Exercise requirements |
I need all of the entries printed exactly.

----- Record set -----

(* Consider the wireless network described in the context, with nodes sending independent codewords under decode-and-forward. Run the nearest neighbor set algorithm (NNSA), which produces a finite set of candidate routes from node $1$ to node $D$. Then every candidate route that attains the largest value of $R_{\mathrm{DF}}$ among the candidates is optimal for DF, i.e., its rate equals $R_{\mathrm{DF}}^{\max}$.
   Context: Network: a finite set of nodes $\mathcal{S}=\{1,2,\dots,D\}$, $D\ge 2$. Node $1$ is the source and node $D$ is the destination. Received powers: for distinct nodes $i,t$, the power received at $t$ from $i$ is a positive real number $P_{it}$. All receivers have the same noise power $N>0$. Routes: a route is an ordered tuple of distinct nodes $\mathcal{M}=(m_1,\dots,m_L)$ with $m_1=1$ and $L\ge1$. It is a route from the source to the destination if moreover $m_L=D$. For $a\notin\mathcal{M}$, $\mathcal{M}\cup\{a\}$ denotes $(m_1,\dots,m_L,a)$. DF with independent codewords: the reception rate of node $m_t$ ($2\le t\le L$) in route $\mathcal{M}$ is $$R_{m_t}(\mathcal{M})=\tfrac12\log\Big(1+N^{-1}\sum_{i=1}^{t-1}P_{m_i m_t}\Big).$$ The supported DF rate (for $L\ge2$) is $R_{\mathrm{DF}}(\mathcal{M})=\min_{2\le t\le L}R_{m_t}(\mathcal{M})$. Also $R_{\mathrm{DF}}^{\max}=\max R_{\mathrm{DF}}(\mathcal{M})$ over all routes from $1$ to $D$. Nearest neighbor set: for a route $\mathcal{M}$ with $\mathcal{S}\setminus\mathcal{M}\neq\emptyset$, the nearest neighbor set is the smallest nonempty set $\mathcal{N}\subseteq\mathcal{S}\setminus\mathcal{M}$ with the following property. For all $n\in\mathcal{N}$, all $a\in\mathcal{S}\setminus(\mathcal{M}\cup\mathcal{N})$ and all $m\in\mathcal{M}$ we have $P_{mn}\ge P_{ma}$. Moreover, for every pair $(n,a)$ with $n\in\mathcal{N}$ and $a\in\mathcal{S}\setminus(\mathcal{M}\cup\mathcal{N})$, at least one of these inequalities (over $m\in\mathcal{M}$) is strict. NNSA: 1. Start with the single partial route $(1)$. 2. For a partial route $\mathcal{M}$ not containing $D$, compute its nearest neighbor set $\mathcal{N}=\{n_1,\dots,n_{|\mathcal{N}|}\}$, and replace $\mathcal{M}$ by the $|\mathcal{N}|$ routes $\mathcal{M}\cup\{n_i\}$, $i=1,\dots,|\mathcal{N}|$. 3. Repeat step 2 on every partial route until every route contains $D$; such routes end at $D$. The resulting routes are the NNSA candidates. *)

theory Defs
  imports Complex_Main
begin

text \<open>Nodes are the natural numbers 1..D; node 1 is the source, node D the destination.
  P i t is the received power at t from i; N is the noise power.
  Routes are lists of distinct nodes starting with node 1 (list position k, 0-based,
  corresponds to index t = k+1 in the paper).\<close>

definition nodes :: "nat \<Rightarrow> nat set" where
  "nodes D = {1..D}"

-----

Answer to the exercise |
(* Consider the wireless network described in the context, with nodes sending independent codewords under decode-and-forward. Run the nearest neighbor set algorithm (NNSA), which produces a finite set of candidate routes from node $1$ to node $D$. Then every candidate route that attains the largest value of $R_{\mathrm{DF}}$ among the candidates is optimal for DF, i.e., its rate equals $R_{\mathrm{DF}}^{\max}$.
   Context: Network: a finite set of nodes $\mathcal{S}=\{1,2,\dots,D\}$, $D\ge 2$. Node $1$ is the source and node $D$ is the destination. Received powers: for distinct nodes $i,t$, the power received at $t$ from $i$ is a positive real number $P_{it}$. All receivers have the same noise power $N>0$. Routes: a route is an ordered tuple of distinct nodes $\mathcal{M}=(m_1,\dots,m_L)$ with $m_1=1$ and $L\ge1$. It is a route from the source to the destination if moreover $m_L=D$. For $a\notin\mathcal{M}$, $\mathcal{M}\cup\{a\}$ denotes $(m_1,\dots,m_L,a)$. DF with independent codewords: the reception rate of node $m_t$ ($2\le t\le L$) in route $\mathcal{M}$ is $$R_{m_t}(\mathcal{M})=\tfrac12\log\Big(1+N^{-1}\sum_{i=1}^{t-1}P_{m_i m_t}\Big).$$ The supported DF rate (for $L\ge2$) is $R_{\mathrm{DF}}(\mathcal{M})=\min_{2\le t\le L}R_{m_t}(\mathcal{M})$. Also $R_{\mathrm{DF}}^{\max}=\max R_{\mathrm{DF}}(\mathcal{M})$ over all routes from $1$ to $D$. Nearest neighbor set: for a route $\mathcal{M}$ with $\mathcal{S}\setminus\mathcal{M}\neq\emptyset$, the nearest neighbor set is the smallest nonempty set $\mathcal{N}\subseteq\mathcal{S}\setminus\mathcal{M}$ with the following property. For all $n\in\mathcal{N}$, all $a\in\mathcal{S}\setminus(\mathcal{M}\cup\mathcal{N})$ and all $m\in\mathcal{M}$ we have $P_{mn}\ge P_{ma}$. Moreover, for every pair $(n,a)$ with $n\in\mathcal{N}$ and $a\in\mathcal{S}\setminus(\mathcal{M}\cup\mathcal{N})$, at least one of these inequalities (over $m\in\mathcal{M}$) is strict. NNSA: 1. Start with the single partial route $(1)$. 2. For a partial route $\mathcal{M}$ not containing $D$, compute its nearest neighbor set $\mathcal{N}=\{n_1,\dots,n_{|\mathcal{N}|}\}$, and replace $\mathcal{M}$ by the $|\mathcal{N}|$ routes $\mathcal{M}\cup\{n_i\}$, $i=1,\dots,|\mathcal{N}|$. 3. Repeat step 2 on every partial route until every route contains $D$; such routes end at $D$. The resulting routes are the NNSA candidates. *)

theory Defs
  imports Complex_Main
begin

text \<open>Nodes are the natural numbers 1..D; node 1 is the source, node D the destination.
  P i t is the received power at t from i; N is the noise power.
  Routes are lists of distinct nodes starting with node 1 (list position k, 0-based,
  corresponds to index t = k+1 in the paper).\<close>

definition nodes :: "nat \<Rightarrow> nat set" where
  "nodes D = {1..D}"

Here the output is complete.